Un, dos; un, dos; izquierda, derecha. La boca abierta, sus labios dulces, el pecho. Intentó pensar en otra cosa, distraerse con las ocurrencias de sus compañeros. Hacían bromas mientras marchaban. Margarida rondaba por su cabeza. Ella estaba lejos, muy lejos. Con toda una vida por delante. Otra vida. Algún día se acordaría de él. Tenía que hacer algo importante para que ella se arrepintiera de su decisión y volviera. Era un triste consuelo. Joao marchaba con paso firme siguiendo las órdenes de sargento. Sus movimientos eran casi mecánicos, automáticos. Las piernas eran capaces de repetir lo aprendido sin esfuerzo. El cuerpo era reflejo de la memoria del cuerpo. Un, dos; un, dos; izquierda, derecha. Pies acompasados a la voz, el torso recto, fusil al hombro. Había intentado hablar con ella alguna vez pero había resultado imposible. Ella no quería ponerse al teléfono.

En secreto, imaginaba la escena del reencuentro.

Ella volvía a su lado. Una carta que nunca llegaba, una inesperada visita. Mentir para sobrevivir en aquel barracón. Silencio. Ruido de muelles. Silencio. Margarida. Un, dos; un, dos; izquierda, derecha. Joao marcaba el paso.

Encarnación leía el periódico sentada en la terraza cuando sonó el teléfono. Era madrugadora. Llevaba un pantalón negro y una camisa blanca. El pelo recogido, gafas de concha. Vivía en un caserón del centro, cerca de la iglesia de Santa Engracia, enseñaba Historia de Portugal en un colegio religioso y escribía por la tarde un libro sobre el futuro de España.

Hija de un médico liberal, había estudiado en Lisboa y conseguido un puesto, gracias a la mediación de un paciente de su padre y tras superar un interrogatorio por parte del director del colegio, un dominico siniestro, en aquella reaccionaria institución. Para sus colegas era una chica perfecta, virtuosa. Nunca una falta. A espaldas de la mentira social -la falsedad del trabajo-, Encarnación albergaba esperanzas, creía en la soterrada tensión social y en el creciente descontento que se sentía, según repetía su amigo Rui Lopes -viejo profesor de derecho político- en los cuarteles.
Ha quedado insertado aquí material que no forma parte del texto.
lemma exp_neg_recip_tendsto_0: "(exp_neg_recip n \<longlongrightarrow> 0) (at 0)"
proof -
  have "((\<lambda>t. 0) \<longlongrightarrow> 0) (at_left (0::real))" by simp
  then have left: "(exp_neg_recip n \<longlongrightarrow> 0) (at_left 0)"
    by (rule tendsto_cong[THEN iffD1, rotated])
       (simp add: eventually_at_filter exp_neg_recip_def)
  have "((\<lambda>t. inverse t ^ n / exp (inverse t)) \<longlongrightarrow> 0) (at_right (0::real))"
    by (rule filterlim_compose[OF tendsto_power_div_exp_0 filterlim_inverse_at_top_right])
  then have right: "(exp_neg_recip n \<longlongrightarrow> 0) (at_right 0)"
    by (rule tendsto_cong[THEN iffD1, rotated])
       (simp add: eventually_at_filter exp_neg_recip_def exp_minus inverse_eq_divide)
  show ?thesis using left right by (simp add: filterlim_at_split)
qed

lemma exp_neg_recip_has_real_derivative:
  "(exp_neg_recip n has_real_derivative
     exp_neg_recip (n+2) t - real n * exp_neg_recip (n+1) t) (at t)"
proof (cases t "0::real" rule: linorder_cases)
  case less
  have "((\<lambda>t. 0) has_real_derivative 0) (at t)" by simp
  then have "(exp_neg_recip n has_real_derivative 0) (at t)"
    by (rule has_field_derivative_transform_within_open[of _ _ _ "{..<0}"])
       (use less in \<open>auto simp: exp_neg_recip_def\<close>)
  then show ?thesis using less by (simp add: exp_neg_recip_def)
next
  case equal
  \<comment> \<open>the difference quotient of the n-th function at 0 is the (n+1)-th function\<close>
  have "\<forall>\<^sub>F y in at 0. exp_neg_recip (n+1) y = (exp_neg_recip n y - exp_neg_recip n 0) / (y - 0)"
    by (simp add: eventually_at_filter exp_neg_recip_def)
  with exp_neg_recip_tendsto_0[of "n+1"]
  have "((\<lambda>y. (exp_neg_recip n y - exp_neg_recip n 0) / (y - 0)) \<longlongrightarrow> 0) (at 0)"
    by (rule tendsto_cong[THEN iffD1, rotated])
  then show ?thesis using equal by (simp add: has_field_derivative_iff exp_neg_recip_def)
next
  case greater
  have "((\<lambda>t. (1/t)^n * exp (-1/t)) has_real_derivative
          exp_neg_recip (n+2) t - real n * exp_neg_recip (n+1) t) (at t)"
    using greater
    apply (auto intro!: derivative_eq_intros simp: exp_neg_recip_def)
    apply (cases n; auto simp: field_simps)
    done
  then show ?thesis
    by (rule has_field_derivative_transform_within_open[of _ _ _ "{0<..}"])
       (use greater in \<open>auto simp: exp_neg_recip_def\<close>)
qed

(* Closed under partial derivatives, since the family exp_neg_recip n is closed under
   differentiation; this is how smoothness of the bump is verified. *)
inductive elementary_smooth :: "(real^2 \<Rightarrow> real) \<Rightarrow> bool" where
  const: "elementary_smooth (\<lambda>x. a)"
| coord: "elementary_smooth (\<lambda>x. x $ i)"
| add: "elementary_smooth f \<Longrightarrow> elementary_smooth g \<Longrightarrow> elementary_smooth (\<lambda>x. f x + g x)"
| mult: "elementary_smooth f \<Longrightarrow> elementary_smooth g \<Longrightarrow> elementary_smooth (\<lambda>x. f x * g x)"
| exp_neg_recip: "elementary_smooth f \<Longrightarrow> elementary_smooth (\<lambda>x. exp_neg_recip n (f x))"

lemma elementary_smooth_has_derivative:
  assumes "elementary_smooth f"
  obtains f' where "\<And>x. (f has_derivative f' x) (at x)"
    and "\<And>i. elementary_smooth (\<lambda>x. f' x (axis i 1))"
  using assms
proof (induction arbitrary: thesis)
  case (const a)
  show ?case by (rule const.prems[of "\<lambda>x h. 0"]) (auto intro: elementary_smooth.const)
next
  case (coord j)
  show ?case
    by (rule coord.prems[of "\<lambda>x h. h $ j"])
       (auto intro: bounded_linear.has_derivative[OF bounded_linear_vec_nth has_derivative_ident]
        elementary_smooth.const)
next
  case (add f g)
  show ?case
  proof (rule add.IH(1), rule add.IH(2))
    fix f' g'
    assume "\<And>x. (f has_derivative f' x) (at x)" "\<And>i. elementary_smooth (\<lambda>x. f' x (axis i 1))"
      and "\<And>x. (g has_derivative g' x) (at x)" "\<And>i. elementary_smooth (\<lambda>x. g' x (axis i 1))"
    then show thesis
      by (intro add.prems[of "\<lambda>x h. f' x h + g' x h"] has_derivative_add elementary_smooth.add)
  qed
next
  case (mult f g)
  show ?case
  proof (rule mult.IH(1), rule mult.IH(2))
    fix f' g'
    assume "\<And>x. (f has_derivative f' x) (at x)" "\<And>i. elementary_smooth (\<lambda>x. f' x (axis i 1))"
      and "\<And>x. (g has_derivative g' x) (at x)" "\<And>i. elementary_smooth (\<lambda>x. g' x (axis i 1))"
    then show thesis
      by (intro mult.prems[of "\<lambda>x h. f x * g' x h + f' x h * g x"] has_derivative_mult
          elementary_smooth.add elementary_smooth.mult mult.hyps)
  qed
next
  case (exp_neg_recip f n)
  let ?d = "\<lambda>t. exp_neg_recip (n+2) t + (- real n) * exp_neg_recip (n+1) t"
  have d: "(exp_neg_recip n has_derivative (\<lambda>h. ?d t * h)) (at t)" for t
    using exp_neg_recip_has_real_derivative[of n t] by (simp add: has_field_derivative_def)
  have d_smooth: "elementary_smooth (\<lambda>x. ?d (f x))"
    by (intro elementary_smooth.add elementary_smooth.mult elementary_smooth.const
        elementary_smooth.exp_neg_recip exp_neg_recip.hyps)
  show ?case
  proof (rule exp_neg_recip.IH)
    fix f'
    assume "\<And>x. (f has_derivative f' x) (at x)" "\<And>i. elementary_smooth (\<lambda>x. f' x (axis i 1))"
    then show thesis
      by (intro exp_neg_recip.prems[of "\<lambda>x h. ?d (f x) * f' x h"] has_derivative_compose[OF _ d]
          elementary_smooth.mult d_smooth)
  qed
qed

lemma elementary_smooth_pd:
  assumes "elementary_smooth f"
  shows "elementary_smooth (pd i f)" and "f differentiable_on UNIV"
proof -
  obtain f' where f': "\<And>x. (f has_derivative f' x) (at x)"
    and smooth: "\<And>i. elementary_smooth (\<lambda>x. f' x (axis i 1))"
    using elementary_smooth_has_derivative[OF assms] by blast
  have "pd i f = (\<lambda>x. f' x (axis i 1))"
    using f' frechet_derivative_at by (metis pd_def)
  then show "elementary_smooth (pd i f)" using smooth by simp
  show "f differentiable_on UNIV"
    using f' by (auto simp: differentiable_on_def differentiable_def)
qed

lemma elementary_smooth_imp_smooth2:
  assumes "elementary_smooth f"
  shows "smooth2 f"
proof -
  have "elementary_smooth (foldr pd is f)" for "is"
    by (induction "is") (simp_all add: assms elementary_smooth_pd(1))
  then show ?thesis
    unfolding smooth2_def using elementary_smooth_pd(2) by blast
qed

definition bump :: "'a::real_normed_vector \<Rightarrow> real \<Rightarrow> 'a \<Rightarrow> real" where
  "bump c r x = exp_neg_recip 0 (1 - (norm (x - c) / r)^2)"

lemma bump_neq_0_iff:
  assumes "r > 0"
  shows "bump c r x \<noteq> 0 \<longleftrightarrow> x \<in> ball c r"
proof -
  have "bump c r x \<noteq> 0 \<longleftrightarrow> (norm (x - c) / r)^2 < 1"
    by (simp add: bump_def exp_neg_recip_def)
  also have "\<dots> \<longleftrightarrow> norm (x - c) / r < 1"
    using assms by (simp add: abs_square_less_1)
  also have "\<dots> \<longleftrightarrow> x \<in> ball c r"
    using assms by (simp add: dist_norm norm_minus_commute)
  finally show ?thesis .
qed

lemma bump_nonneg: "0 \<le> bump c r x"
  by (simp add: bump_def exp_neg_recip_nonneg)

lemma bump_le_1: "bump c r x \<le> 1"
  by (simp add: bump_def exp_neg_recip_def)

lemma bump_ge_on_half_ball:
  assumes "r > 0" and "x \<in> ball c (r/2)"
  shows "exp (-4/3) \<le> bump c r x"
proof -
  let ?t = "1 - (norm (x - c) / r)^2"
  have "norm (x - c) / r < 1/2"
    using assms by (simp add: dist_norm norm_minus_commute divide_simps)
  then have "(norm (x - c) / r)^2 < (1/2)^2"
    using assms by (intro power_strict_mono) auto
  then have t: "3/4 < ?t" by (simp add: power_divide)
  have "1 / ?t < 1 / (3/4)"
    using t by (intro divide_strict_left_mono) auto
  then show ?thesis using t by (simp add: bump_def exp_neg_recip_def)
qed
Se habían conocido en una clandestina reunión de opositores. Ella asistía por primera vez gracias a la amistad de Rui Lopes con un par de dirigentes comunistas presentes aquella tarde de octubre. Tomaron la palabra tres sindicalistas; un estibador y dos representantes de fábricas de la periferia. Encarnación tomaba notas. Cuando Nazario comenzó a hablar de la urgencia de una subversión pacífica, de la huelga general como instrumento de presión y de la necesidad de aunar esfuerzos, ella levantó la vista y escuchó con atención. Le pareció un hombre sensato. Un moderado, pensó, un reformista. El capitán de artillería Nazario Pinto -conocido como Ribeiro- desgranaba argumentos con pulcritud. El frío entraba por una ventana rota. Riberio sabe lo que quiere y cómo es posible obtenerlo sin sembrar recelo. Seguro que cuenta con importantes apoyos, susurró Rui Lopes al oído de Encarnación. Al terminar la reunión, ya en la puerta, el profesor les presentó. Interesante punto de vista, dijo ella por decir algo. Ya.

Interesante, respondió Pinto. Nazario llevaba un traje gris y una corbata negra.

Tras varios timbrazos el teléfono dejó de sonar. Por la estrecha calle se alejaba un camión cargado de ladrillos dejando una estela de ruido y polvo.